Unfortunately, the entrenched carelessness that has persisted on Phuket roads for at least two decades means they face a long, uphill battle against a notoriously stubborn opponent: ignorance.
Despite a two-month public relations campaign that saw thousands of free helmets given away and countless verbal warnings, compliance with the helmet law among motorbike riders is still far from perfect, especially among children and other pillion riders.
July 1 marked the D-day, when police were to begin issuing fines against all helmet law offenders in the district. Unfortunately, and as predicted in this space soon after the campaign was announced in late April, the scale of the problem and lack of police manpower resulted in a “non-starter”.
But rather than giving up, Phuket City Police employed a new tactic: seizing the licenses of violators caught at police checkpoints and not returning them until the offenders viewed a short film with graphic images of the kinds of severe head trauma their recalcitrance puts them at risk of.
It is expected that the movie experiences will continue for about two months before fines will be issued.

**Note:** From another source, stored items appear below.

(* Let $q$ be a prime power and $n,t,m$ positive integers with $t\geq m$. Let $\ell$ be a positive integer such that $$ e \left[ {\ell \choose t} - { \ell-t \choose t} \right] \left(\frac{m}{q}\right)^{n} \leq 1,$$ where $e$ is Euler's number and ${\ell-t \choose t}$ is set to zero if $\ell < 2t$. Then $EGZ(t,\mathbb{F}_q^{n},m) > \ell$.
   Context: $\mathbb{F}_q^n$ is viewed as a commutative ring with coordinatewise operations. For elements $g_1,\dots,g_t$ of a commutative ring $R$, $e_m(g_1,\dots,g_t)=\sum_{1\leq i_1<\cdots<i_m\leq t}\prod_{j=1}^m g_{i_j}$. A sequence over $R$ is a finite list of elements of $R$ (repetitions allowed); a subsequence of length $t$ is obtained by choosing $t$ distinct positions. For a finite commutative ring $R$, $EGZ(t,R,m)$ is the smallest positive integer $\ell$ such that every sequence $S$ over $R$ of length $|S|\geq \ell$ contains a subsequence $S'$ of length $t$ with $e_m(S')=0$ in $R$; if no such $\ell$ exists, $EGZ(t,R,m)=\infty$. *)

theory Defs
  imports "HOL-Analysis.Analysis" "HOL-Library.Extended_Nat"
begin

definition esym :: "nat \<Rightarrow> 'r::comm_ring_1 list \<Rightarrow> nat set \<Rightarrow> 'r" where
  "esym m S I = (\<Sum>J\<in>{J. J \<subseteq> I \<and> card J = m}. \<Prod>j\<in>J. S ! j)"

definition egz_prop :: "nat \<Rightarrow> 'r::comm_ring_1 itself \<Rightarrow> nat \<Rightarrow> nat \<Rightarrow> bool" where
  "egz_prop t R m l \<longleftrightarrow>
     (\<forall>S::'r list. length S \<ge> l \<longrightarrow>
        (\<exists>I. I \<subseteq> {..<length S} \<and> card I = t \<and> esym m S I = 0))"

definition EGZ :: "nat \<Rightarrow> 'r::comm_ring_1 itself \<Rightarrow> nat \<Rightarrow> enat" where
  "EGZ t R m = (if \<exists>l>0. egz_prop t R m l
                then enat (LEAST l. l > 0 \<and> egz_prop t R m l) else \<infinity>)"

end

theory Submission
  imports Defs
begin

text \<open>The proof is the Lovasz Local Lemma.  Choose the \<open>l\<close> terms of a sequence in
  \<open>\<bbbF>\<^sub>q\<^sup>n\<close> independently and uniformly at random.  For a \<open>t\<close>-set \<open>I\<close> of positions,
  \<open>e\<^sub>m\<close> of the chosen terms vanishes iff it vanishes in each of the \<open>n\<close> coordinates; these
  coordinate events are independent, and each is the vanishing of a nonzero multilinear polynomial
  of degree \<open>m\<close>, which by Schwartz--Zippel has probability at most \<open>m/q\<close>.  So the bad event
  for \<open>I\<close> has probability at most \<open>p = (m/q)\<^sup>n\<close>, and it is mutually independent of the bad
  events of all \<open>t\<close>-sets disjoint from \<open>I\<close>; the \<open>t\<close>-sets meeting \<open>I\<close> number
  \<open>D = C(l, t) - C(l - t, t)\<close>.  Hence \<open>e p D \<le> 1\<close> leaves, with positive probability, a sequence
  of length \<open>l\<close> none of whose \<open>t\<close>-subsequences has vanishing \<open>e\<^sub>m\<close>.  Probabilities are
  replaced throughout by counting points of the finite product space.\<close>

section \<open>Independence in finite product spaces\<close>

definition depends_only_on :: "('y \<Rightarrow> 'a) set \<Rightarrow> ('y \<Rightarrow> 'a) set \<Rightarrow> 'y set \<Rightarrow> bool" where
  "depends_only_on \<Omega> E Z \<longleftrightarrow>
     (\<forall>f\<in>\<Omega>. \<forall>g\<in>\<Omega>. (\<forall>z\<in>Z. f z = g z) \<longrightarrow> (f \<in> E \<longleftrightarrow> g \<in> E))"

lemma depends_only_on_space: "depends_only_on \<Omega> \<Omega> Z"
  unfolding depends_only_on_def by auto

lemma depends_only_onI:
  assumes "\<And>f g. f \<in> \<Omega> \<Longrightarrow> g \<in> \<Omega> \<Longrightarrow> (\<And>z. z \<in> Z \<Longrightarrow> f z = g z) \<Longrightarrow> g \<in> E \<Longrightarrow> f \<in> E"
  shows "depends_only_on \<Omega> E Z"
  unfolding depends_only_on_def using assms by metis

lemma depends_only_onD:
  assumes "depends_only_on \<Omega> E Z" and "f \<in> \<Omega>" and "g \<in> \<Omega>" and "g \<in> E"
    and "\<And>z. z \<in> Z \<Longrightarrow> f z = g z"
  shows "f \<in> E"
  using assms unfolding depends_only_on_def by metis

lemma card_Int_eq_mult_card_restrict:
  assumes \<Omega>: "\<Omega> = PiE Y B" and "Z \<subseteq> Y" and "E \<subseteq> \<Omega>" and "F \<subseteq> \<Omega>"
    and E: "depends_only_on \<Omega> E Z" and F: "depends_only_on \<Omega> F (Y - Z)"
  shows "card (E \<inter> F) = card ((\<lambda>f. restrict f Z) ` E) * card ((\<lambda>f. restrict f (Y - Z)) ` F)"
proof -
  define restrict_pair where "restrict_pair f = (restrict f Z, restrict f (Y - Z))" for f :: "'a \<Rightarrow> 'b"
  have "inj_on restrict_pair \<Omega>"
  proof (rule inj_onI)
    fix f g assume "f \<in> \<Omega>" "g \<in> \<Omega>" "restrict_pair f = restrict_pair g"
    then show "f = g"
      using \<open>Z \<subseteq> Y\<close> unfolding \<Omega> restrict_pair_def
      by (intro PiE_ext[of f Y B g]) (auto simp: fun_eq_iff restrict_def split: if_splits)
  qed
  moreover have "restrict_pair ` (E \<inter> F) = (\<lambda>f. restrict f Z) ` E \<times> (\<lambda>f. restrict f (Y - Z)) ` F"
  proof
    show "restrict_pair ` (E \<inter> F) \<subseteq> (\<lambda>f. restrict f Z) ` E \<times> (\<lambda>f. restrict f (Y - Z)) ` F"
      unfolding restrict_pair_def by auto
  next
    show "(\<lambda>f. restrict f Z) ` E \<times> (\<lambda>f. restrict f (Y - Z)) ` F \<subseteq> restrict_pair ` (E \<inter> F)"
    proof clarify
      fix e f assume "e \<in> E" "f \<in> F"
      define w where "w y = (if y \<in> Z then e y else f y)" for y
      have "e \<in> \<Omega>" "f \<in> \<Omega>" using \<open>e \<in> E\<close> \<open>f \<in> F\<close> \<open>E \<subseteq> \<Omega>\<close> \<open>F \<subseteq> \<Omega>\<close> by auto
      then have "w \<in> \<Omega>" using \<open>Z \<subseteq> Y\<close> unfolding w_def \<Omega> by (auto simp: PiE_def extensional_def)
      have "w \<in> E" using E \<open>w \<in> \<Omega>\<close> \<open>e \<in> \<Omega>\<close> \<open>e \<in> E\<close> by (rule depends_only_onD) (simp add: w_def)
      moreover have "w \<in> F" using F \<open>w \<in> \<Omega>\<close> \<open>f \<in> \<Omega>\<close> \<open>f \<in> F\<close> by (rule depends_only_onD) (simp add: w_def)
      moreover have "restrict_pair w = (restrict e Z, restrict f (Y - Z))"
        unfolding restrict_pair_def w_def by (auto simp: restrict_def fun_eq_iff)
      ultimately show "(restrict e Z, restrict f (Y - Z)) \<in> restrict_pair ` (E \<inter> F)"
        by (metis IntI image_eqI)
    qed
  qed
  ultimately show ?thesis
    using \<open>E \<subseteq> \<Omega>\<close> by (metis card_cartesian_product card_image inj_on_subset le_infI1)
qed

Soon after its launch, the “scared straight” public relations campaign got a strong show of support from Deputy Interior Minister Thavorn Senniam, whose younger brother succumbed to a cranial hemorrhage after his unprotected head hit the pavement in a motorcycle accident in 1982.
Mr Thavorn said he would like to see other police districts of Phuket adopt similar campaigns, and would suggest similar projects in his visits to 13 other provinces in the South, where he is responsible for overseeing that government polices on health and human security issues are implemented.
Numbers alone reveal why across-the-board helmet use is essential for Phuket. According to Ministry of Public Health statistics, the province consistently ranks in the Top Five of Thailand’s 76 provinces in terms of road accident injuries and fatalities, often taking the Number One spot.
The majority are young people on motorbikes without helmets.
While the incidence-rate statistics are no doubt skewed because they fail to take into account Phuket’s huge migrant population, the fact remains that 15 deaths a month is an unacceptably high figure that could be dramatically reduced if the Phuket City Police effort is successful.
The Gazette would like, once again, to suggest that the police put particular enforcement emphasis on protecting children by setting up random checkpoints in front of schools every morning.